Every line from the first one in the listing down to the line with "using that D' rep by blast" should be restated word for word.

----- Source material

lemma range_is_set:
  assumes D: "\<And>x. E x D \<longleftrightarrow> (\<exists>y. app x y)" and T: "itrans E T"
    and cover: "\<And>x y z. app x y \<Longrightarrow> E z y \<Longrightarrow> E z T \<or> cf_ran E \<phi> env z"
  shows "is_set E (cf_ran E \<phi> env)"
proof -
  obtain D0 where D0: "\<And>x. E x D0 \<Longrightarrow> E x D"
    and rep: "\<And>x y. app x y \<Longrightarrow> \<exists>!x'. E x' D0 \<and> app x' y"
    using exists_transversal[OF D] by blast
  have "\<exists>D'. \<forall>x. E x D' \<longleftrightarrow> E x D0 \<and> (\<exists>y. app x y \<and> \<not> E y T)"
    by (rule separation) (intro definable_intros definable_app)
  then obtain D' where D': "\<And>x. E x D' \<longleftrightarrow> E x D0 \<and> (\<exists>y. app x y \<and> \<not> E y T)"
    by blast
  have rep': "\<exists>x'. E x' D' \<and> app x' y" if "app x y" "\<not> E y T" for x y
    using rep[OF that(1)] that D' by blast
  have "is_set E (\<lambda>y. \<exists>x. E x D' \<and> app x y)"
  proof (rule range_on_is_set[OF T])
    show "\<exists>y. app x y \<and> \<not> E y T" if "E x D'" for x
      using that D' by blast
    show "x = x'" if "E x D'" "E x' D'" "app x y" "app x' y" for x x' y
      using that D' rep by blast
    show "E z T \<or> (\<exists>x'. E x' D' \<and> app x' z)" if "E x D'" "app x y" "E z y" for x y z
      using cover[OF that(2,3)] rep' unfolding cf_ran_def by blast
  qed
  then obtain R' where R': "\<And>y. E y R' \<longleftrightarrow> (\<exists>x. E x D' \<and> app x y)"
    unfolding is_set_def by blast
  have "\<exists>R. \<forall>z. E z R \<longleftrightarrow> E z (union2 T R') \<and> cf_ran E \<phi> env z"
    by (rule separation) (unfold cf_ran_def, intro definable_intros definable_app)
  moreover have "E z (union2 T R')" if "cf_ran E \<phi> env z" for z
    using that rep' R' unfolding cf_ran_def by auto
  ultimately show ?thesis unfolding is_set_def by blast
qed
(* Let $n\ge 3$, let $b_1,\dots,b_{n-1}\in\mathbb{C}$, and let $B\in M_n(\mathbb{C})$ be the matrix with $B_{i,i+1}=b_i$, $B_{i+1,i}=-\bar b_i$ for $i=1,\dots,n-1$, and all other entries equal to $0$. Then the operator norm of $B$ satisfies $$\max_{1\le i\le n-2}\sqrt{|b_i|^2+|b_{i+1}|^2}\le\|B\|,\qquad \frac{2}{n}\sum_{i=1}^{n-1}|b_i|\le\|B\|,$$ $$\|B\|\le\max_{1\le i\le n-2}\big(|b_i|+|b_{i+1}|\big),\qquad \|B\|\le 2\cos\Big(\frac{\pi}{n+1}\Big)\max_{1\le i\le n-1}|b_i|.$$ *)

theory Defs
  imports "HOL-Analysis.Analysis"
begin

text \<open>Vectors in C^n are represented as functions nat => complex, only indices i < n matter;
  n x n matrices as nat => nat => complex, only indices i, j < n matter (0-based).\<close>

definition vec_norm :: "nat \<Rightarrow> (nat \<Rightarrow> complex) \<Rightarrow> real" where
  "vec_norm n x = sqrt (\<Sum>i<n. (cmod (x i))\<^sup>2)"

definition mat_vec :: "nat \<Rightarrow> (nat \<Rightarrow> nat \<Rightarrow> complex) \<Rightarrow> (nat \<Rightarrow> complex) \<Rightarrow> (nat \<Rightarrow> complex)" where
  "mat_vec n A x = (\<lambda>i. \<Sum>j<n. A i j * x j)"

definition op_norm :: "nat \<Rightarrow> (nat \<Rightarrow> nat \<Rightarrow> complex) \<Rightarrow> real" where
  "op_norm n A = Sup {vec_norm n (mat_vec n A x) | x. vec_norm n x \<le> 1}"

text \<open>The skew-type tridiagonal matrix: B(i,i+1) = b i, B(i+1,i) = - cnj (b i) for i < n-1
  (0-based; b 0 .. b (n-2) correspond to b_1 .. b_(n-1)).\<close>
definition tridiag :: "nat \<Rightarrow> (nat \<Rightarrow> complex) \<Rightarrow> nat \<Rightarrow> nat \<Rightarrow> complex" where
  "tridiag n b i j =
     (if j = i + 1 \<and> i + 1 < n then b i
      else if i = j + 1 \<and> j + 1 < n then - cnj (b j)
      else 0)"

end

(* Upper bounds: by Schur's test, any positive weight v with |B| v <= l v, where |B| is the
   entrywise modulus of B (a weighted path adjacency matrix), gives ||B|| <= l.  The constant
   weight yields the maximal row sum max (|b_i| + |b_(i+1)|); the sine weight of the path graph
   yields 2 cos (pi/(n+1)) max |b_i|.
   Lower bounds: B maps the basis vector e_(i+1) to b_i e_i - cnj b_(i+1) e_(i+2).  And if x has
   entries of modulus 1/sqrt n whose phases make every cnj x_k b_k x_(k+1) equal to i |b_k| / n,
   then the quadratic form <x, B x> has modulus (2/n) sum |b_k|, which is at most ||B||.
*)

theory Submission
  imports Defs
begin

lemma vec_norm_eq_L2_set: "vec_norm n x = L2_set (\<lambda>i. cmod (x i)) {..<n}"
  by (simp add: vec_norm_def L2_set_def)

lemma vec_norm_nonneg: "0 \<le> vec_norm n x"
  by (simp add: vec_norm_eq_L2_set)

lemma vec_norm_mat_vec_le_Frobenius:
  "vec_norm n (mat_vec n A x) \<le> sqrt (\<Sum>i<n. \<Sum>j<n. (cmod (A i j))\<^sup>2) * vec_norm n x"
proof -
  have "(cmod (mat_vec n A x i))\<^sup>2 \<le> (\<Sum>j<n. (cmod (A i j))\<^sup>2) * (vec_norm n x)\<^sup>2" for i
  proof -
    have "cmod (mat_vec n A x i) \<le> (\<Sum>j<n. cmod (A i j) * cmod (x j))"
      unfolding mat_vec_def by (rule order_trans[OF norm_sum]) (simp add: norm_mult)
    also have "\<dots> \<le> L2_set (\<lambda>j. cmod (A i j)) {..<n} * vec_norm n x"
      using L2_set_mult_ineq[of "\<lambda>j. cmod (A i j)" "\<lambda>j. cmod (x j)" "{..<n}"]
      by (simp add: vec_norm_eq_L2_set)
    finally have "(cmod (mat_vec n A x i))\<^sup>2 \<le> (L2_set (\<lambda>j. cmod (A i j)) {..<n} * vec_norm n x)\<^sup>2"
      by (rule power_mono) simp
    then show ?thesis
      by (simp add: power_mult_distrib L2_set_def sum_nonneg)
  qed
  then have "(\<Sum>i<n. (cmod (mat_vec n A x i))\<^sup>2) \<le> (\<Sum>i<n. \<Sum>j<n. (cmod (A i j))\<^sup>2) * (vec_norm n x)\<^sup>2"
    unfolding sum_distrib_right by (rule sum_mono)
  then have "vec_norm n (mat_vec n A x) \<le> sqrt ((\<Sum>i<n. \<Sum>j<n. (cmod (A i j))\<^sup>2) * (vec_norm n x)\<^sup>2)"
    unfolding vec_norm_def by (rule real_sqrt_le_mono)
  then show ?thesis
    by (simp add: real_sqrt_mult vec_norm_nonneg)
qed

lemma bdd_above_op_norm_set: "bdd_above {vec_norm n (mat_vec n A x) | x. vec_norm n x \<le> 1}"
proof (rule bdd_aboveI)
  let ?F = "sqrt (\<Sum>i<n. \<Sum>j<n. (cmod (A i j))\<^sup>2)"
  fix y assume "y \<in> {vec_norm n (mat_vec n A x) | x. vec_norm n x \<le> 1}"
  then obtain x where "y = vec_norm n (mat_vec n A x)" "vec_norm n x \<le> 1"
    by blast
  moreover have "?F * vec_norm n x \<le> ?F"
    using \<open>vec_norm n x \<le> 1\<close> by (simp add: mult_left_le sum_nonneg)
  ultimately show "y \<le> ?F"
    using vec_norm_mat_vec_le_Frobenius[of n A x] by linarith
qed

lemma vec_norm_le_op_norm:
  assumes "vec_norm n x \<le> 1"
  shows "vec_norm n (mat_vec n A x) \<le> op_norm n A"
  unfolding op_norm_def using assms by (intro cSup_upper bdd_above_op_norm_set) blast

lemma op_norm_le:
  assumes "\<And>x. vec_norm n (mat_vec n A x) \<le> l * vec_norm n x" and "0 \<le> l"
  shows "op_norm n A \<le> l"
  unfolding op_norm_def
proof (rule cSup_least)
  show "{vec_norm n (mat_vec n A x) | x. vec_norm n x \<le> 1} \<noteq> {}"
    by (auto intro!: exI[of _ "\<lambda>_. 0"] simp: vec_norm_def)
  fix y assume "y \<in> {vec_norm n (mat_vec n A x) | x. vec_norm n x \<le> 1}"
  then obtain x where "y = vec_norm n (mat_vec n A x)" "vec_norm n x \<le> 1"
    by blast
  then show "y \<le> l"
    using assms(1)[of x] mult_left_le[of "vec_norm n x" l] \<open>0 \<le> l\<close> vec_norm_nonneg[of n x] by linarith
qed

lemma cmod_quadratic_form_le_op_norm:
  assumes "vec_norm n x \<le> 1"
  shows "cmod (\<Sum>i<n. cnj (x i) * mat_vec n A x i) \<le> op_norm n A"
proof -
  have "cmod (\<Sum>i<n. cnj (x i) * mat_vec n A x i) \<le> (\<Sum>i<n. \<bar>cmod (x i)\<bar> * \<bar>cmod (mat_vec n A x i)\<bar>)"
    by (rule order_trans[OF norm_sum]) (simp add: norm_mult)
  also have "\<dots> \<le> vec_norm n x * vec_norm n (mat_vec n A x)"
    unfolding vec_norm_eq_L2_set by (rule L2_set_mult_ineq)
  also have "\<dots> \<le> vec_norm n (mat_vec n A x)"
    using assms by (simp add: mult_left_le_one_le vec_norm_nonneg)
  also have "\<dots> \<le> op_norm n A"
    using assms by (rule vec_norm_le_op_norm)
  finally show ?thesis .
qed

lemma weighted_Cauchy_Schwarz:
  fixes a v y :: "'a \<Rightarrow> real"
  assumes a: "\<And>j. j \<in> J \<Longrightarrow> 0 \<le> a j" and v: "\<And>j. j \<in> J \<Longrightarrow> 0 < v j"
  shows "(\<Sum>j\<in>J. a j * y j)\<^sup>2 \<le> (\<Sum>j\<in>J. a j * v j) * (\<Sum>j\<in>J. a j * (y j)\<^sup>2 / v j)"
proof -
  let ?p = "\<lambda>j. sqrt (a j * v j)" and ?q = "\<lambda>j. sqrt (a j / v j) * y j"
  have "a j * y j = ?p j * ?q j" if "j \<in> J" for j
  proof -
    have "?p j * sqrt (a j / v j) = sqrt ((a j)\<^sup>2)"
      using v[OF that] by (simp add: real_sqrt_mult[symmetric] power2_eq_square)
    then show ?thesis
      using a[OF that] by (simp add: mult.assoc[symmetric])
  qed
  then have "(\<Sum>j\<in>J. a j * y j)\<^sup>2 = (\<Sum>j\<in>J. ?p j * ?q j)\<^sup>2"
    by (metis (no_types, lifting) sum.cong)
  also have "\<dots> \<le> (\<Sum>j\<in>J. (?p j)\<^sup>2) * (\<Sum>j\<in>J. (?q j)\<^sup>2)"
    by (rule Cauchy_Schwarz_ineq_sum)
  also have "\<dots> = (\<Sum>j\<in>J. a j * v j) * (\<Sum>j\<in>J. a j * (y j)\<^sup>2 / v j)"
    using a v by (intro arg_cong2[where f = "(*)"] sum.cong) (auto simp: power_mult_distrib less_imp_le)
  finally show ?thesis .
qed

lemma Schur_test:
  fixes A :: "nat \<Rightarrow> nat \<Rightarrow> real" and v y :: "nat \<Rightarrow> real"
  assumes A_nonneg: "\<And>i j. i < n \<Longrightarrow> j < n \<Longrightarrow> 0 \<le> A i j"
    and A_sym: "\<And>i j. i < n \<Longrightarrow> j < n \<Longrightarrow> A i j = A j i"
    and v_pos: "\<And>j. j < n \<Longrightarrow> 0 < v j"
    and row: "\<And>i. i < n \<Longrightarrow> (\<Sum>j<n. A i j * v j) \<le> l * v i"
    and "0 \<le> l"
  shows "(\<Sum>i<n. (\<Sum>j<n. A i j * y j)\<^sup>2) \<le> l\<^sup>2 * (\<Sum>i<n. (y i)\<^sup>2)"
proof -
  have "(\<Sum>i<n. (\<Sum>j<n. A i j * y j)\<^sup>2) \<le> (\<Sum>i<n. l * v i * (\<Sum>j<n. A i j * (y j)\<^sup>2 / v j))"
  proof (rule sum_mono)
    fix i assume i: "i \<in> {..<n}"
    have "0 \<le> (\<Sum>j<n. A i j * (y j)\<^sup>2 / v j)"
      using i A_nonneg v_pos by (intro sum_nonneg) (simp add: less_imp_le)
    moreover have "(\<Sum>j<n. A i j * y j)\<^sup>2 \<le> (\<Sum>j<n. A i j * v j) * (\<Sum>j<n. A i j * (y j)\<^sup>2 / v j)"
      using i A_nonneg v_pos by (intro weighted_Cauchy_Schwarz) auto
    ultimately show "(\<Sum>j<n. A i j * y j)\<^sup>2 \<le> l * v i * (\<Sum>j<n. A i j * (y j)\<^sup>2 / v j)"
      using i row by (meson lessThan_iff mult_right_mono order_trans)
  qed
  also have "\<dots> = l * (\<Sum>j<n. (y j)\<^sup>2 / v j * (\<Sum>i<n. A j i * v i))"
    unfolding sum_distrib_left sum_distrib_right
    by (subst sum.swap) (auto intro!: sum.cong simp: A_sym)
  also have "\<dots> \<le> l * (\<Sum>j<n. (y j)\<^sup>2 / v j * (l * v j))"
    using row v_pos \<open>0 \<le> l\<close> by (intro mult_left_mono sum_mono) (auto simp: less_imp_le)
  also have "\<dots> = l\<^sup>2 * (\<Sum>i<n. (y i)\<^sup>2)"
    unfolding sum_distrib_left power2_eq_square
    using v_pos by (intro sum.cong) (auto simp: less_imp_neq[symmetric])
  finally show ?thesis .
qed

lemma op_norm_le_Schur_test:
  assumes sym: "\<And>i j. i < n \<Longrightarrow> j < n \<Longrightarrow> cmod (A i j) = cmod (A j i)"
    and v_pos: "\<And>j. j < n \<Longrightarrow> 0 < v j"
    and row: "\<And>i. i < n \<Longrightarrow> (\<Sum>j<n. cmod (A i j) * v j) \<le> l * v i"
    and "0 \<le> l"
  shows "op_norm n A \<le> l"
proof (rule op_norm_le[OF _ \<open>0 \<le> l\<close>])
  fix x
  have "(\<Sum>i<n. (cmod (mat_vec n A x i))\<^sup>2) \<le> (\<Sum>i<n. (\<Sum>j<n. cmod (A i j) * cmod (x j))\<^sup>2)"
    unfolding mat_vec_def
    by (intro sum_mono power_mono order_trans[OF norm_sum]) (auto simp: norm_mult)
  also have "\<dots> \<le> l\<^sup>2 * (\<Sum>i<n. (cmod (x i))\<^sup>2)"
    using sym v_pos row \<open>0 \<le> l\<close> by (intro Schur_test[where v = v]) auto
  finally show "vec_norm n (mat_vec n A x) \<le> l * vec_norm n x"
    using \<open>0 \<le> l\<close> unfolding vec_norm_def
    by (metis real_sqrt_abs real_sqrt_le_mono real_sqrt_mult abs_of_nonneg)
qed

lemma mat_vec_tridiag:
  assumes "i < n"
  shows "mat_vec n (tridiag n b) x i =
    (if i + 1 < n then b i * x (i + 1) else 0) - (if 0 < i then cnj (b (i - 1)) * x (i - 1) else 0)"
proof -
  have "tridiag n b i j * x j =
      (if j = i + 1 then (if i + 1 < n then b i * x j else 0) else 0)
    - (if j = i - 1 then (if 0 < i then cnj (b (i - 1)) * x j else 0) else 0)" for j
    using assms by (auto simp: tridiag_def)
  then show ?thesis
    using assms by (auto simp: mat_vec_def sum_subtractf sum.delta)
qed

lemma tridiag_abs_row_sum:
  assumes "i < n"
  shows "(\<Sum>j<n. cmod (tridiag n b i j) * f j) =
    (if i + 1 < n then cmod (b i) * f (i + 1) else 0) + (if 0 < i then cmod (b (i - 1)) * f (i - 1) else 0)"
proof -
  have "cmod (tridiag n b i j) * f j =
      (if j = i + 1 then (if i + 1 < n then cmod (b i) * f j else 0) else 0)
    + (if j = i - 1 then (if 0 < i then cmod (b (i - 1)) * f j else 0) else 0)" for j
    using assms by (auto simp: tridiag_def)
  then show ?thesis
    using assms by (auto simp: sum.distrib sum.delta)
qed

lemma cmod_tridiag_commute: "cmod (tridiag n b i j) = cmod (tridiag n b j i)"
  by (auto simp: tridiag_def)

lemma op_norm_tridiag_le_weighted:
  assumes "\<And>j. j < n \<Longrightarrow> 0 < v j" and "0 \<le> l"
    and "\<And>i. i < n \<Longrightarrow>
      (if i + 1 < n then cmod (b i) * v (i + 1) else 0) + (if 0 < i then cmod (b (i - 1)) * v (i - 1) else 0)
        \<le> l * v i"
  shows "op_norm n (tridiag n b) \<le> l"
  using assms by (intro op_norm_le_Schur_test[where v = v]) (auto simp: tridiag_abs_row_sum cmod_tridiag_commute)

lemma op_norm_tridiag_le_adjacent_sum:
  assumes "3 \<le> n" and m: "\<And>i. i + 2 < n \<Longrightarrow> cmod (b i) + cmod (b (i + 1)) \<le> m"
  shows "op_norm n (tridiag n b) \<le> m"
proof (rule op_norm_tridiag_le_weighted[where v = "\<lambda>_. 1"])
  have "cmod (b 0) + cmod (b 1) \<le> m"
    using m[of 0] \<open>3 \<le> n\<close> by simp
  then have first: "cmod (b 0) \<le> m"
    using norm_ge_zero[of "b 1"] by linarith
  have "n - 3 + 2 < n" and "n - 3 + 1 = n - 2"
    using \<open>3 \<le> n\<close> by arith+
  then have "cmod (b (n - 3)) + cmod (b (n - 2)) \<le> m"
    using m[of "n - 3"] by simp
  then have last: "cmod (b (n - 2)) \<le> m"
    using norm_ge_zero[of "b (n - 3)"] by linarith
  show "0 \<le> m"
    using first norm_ge_zero[of "b 0"] by linarith
  fix i assume "i < n"
  then consider "i = 0" | "0 < i" "i + 1 < n" | "i = n - 1"
    by linarith
  then show "(if i + 1 < n then cmod (b i) * 1 else 0) + (if 0 < i then cmod (b (i - 1)) * 1 else 0) \<le> m * 1"
  proof cases
    case 2
    then show ?thesis
      using m[of "i - 1"] by simp
  qed (use first last \<open>3 \<le> n\<close> in \<open>auto simp: numeral_eq_Suc\<close>)
qed simp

----------

Output:
lemma range_is_set:
  assumes D: "\<And>x. E x D \<longleftrightarrow> (\<exists>y. app x y)" and T: "itrans E T"
    and cover: "\<And>x y z. app x y \<Longrightarrow> E z y \<Longrightarrow> E z T \<or> cf_ran E \<phi> env z"
  shows "is_set E (cf_ran E \<phi> env)"
proof -
  obtain D0 where D0: "\<And>x. E x D0 \<Longrightarrow> E x D"
    and rep: "\<And>x y. app x y \<Longrightarrow> \<exists>!x'. E x' D0 \<and> app x' y"
    using exists_transversal[OF D] by blast
  have "\<exists>D'. \<forall>x. E x D' \<longleftrightarrow> E x D0 \<and> (\<exists>y. app x y \<and> \<not> E y T)"
    by (rule separation) (intro definable_intros definable_app)
  then obtain D' where D': "\<And>x. E x D' \<longleftrightarrow> E x D0 \<and> (\<exists>y. app x y \<and> \<not> E y T)"
    by blast
  have rep': "\<exists>x'. E x' D' \<and> app x' y" if "app x y" "\<not> E y T" for x y
    using rep[OF that(1)] that D' by blast
  have "is_set E (\<lambda>y. \<exists>x. E x D' \<and> app x y)"
  proof (rule range_on_is_set[OF T])
    show "\<exists>y. app x y \<and> \<not> E y T" if "E x D'" for x
      using that D' by blast
    show "x = x'" if "E x D'" "E x' D'" "app x y" "app x' y" for x x' y
      using that D' rep by blast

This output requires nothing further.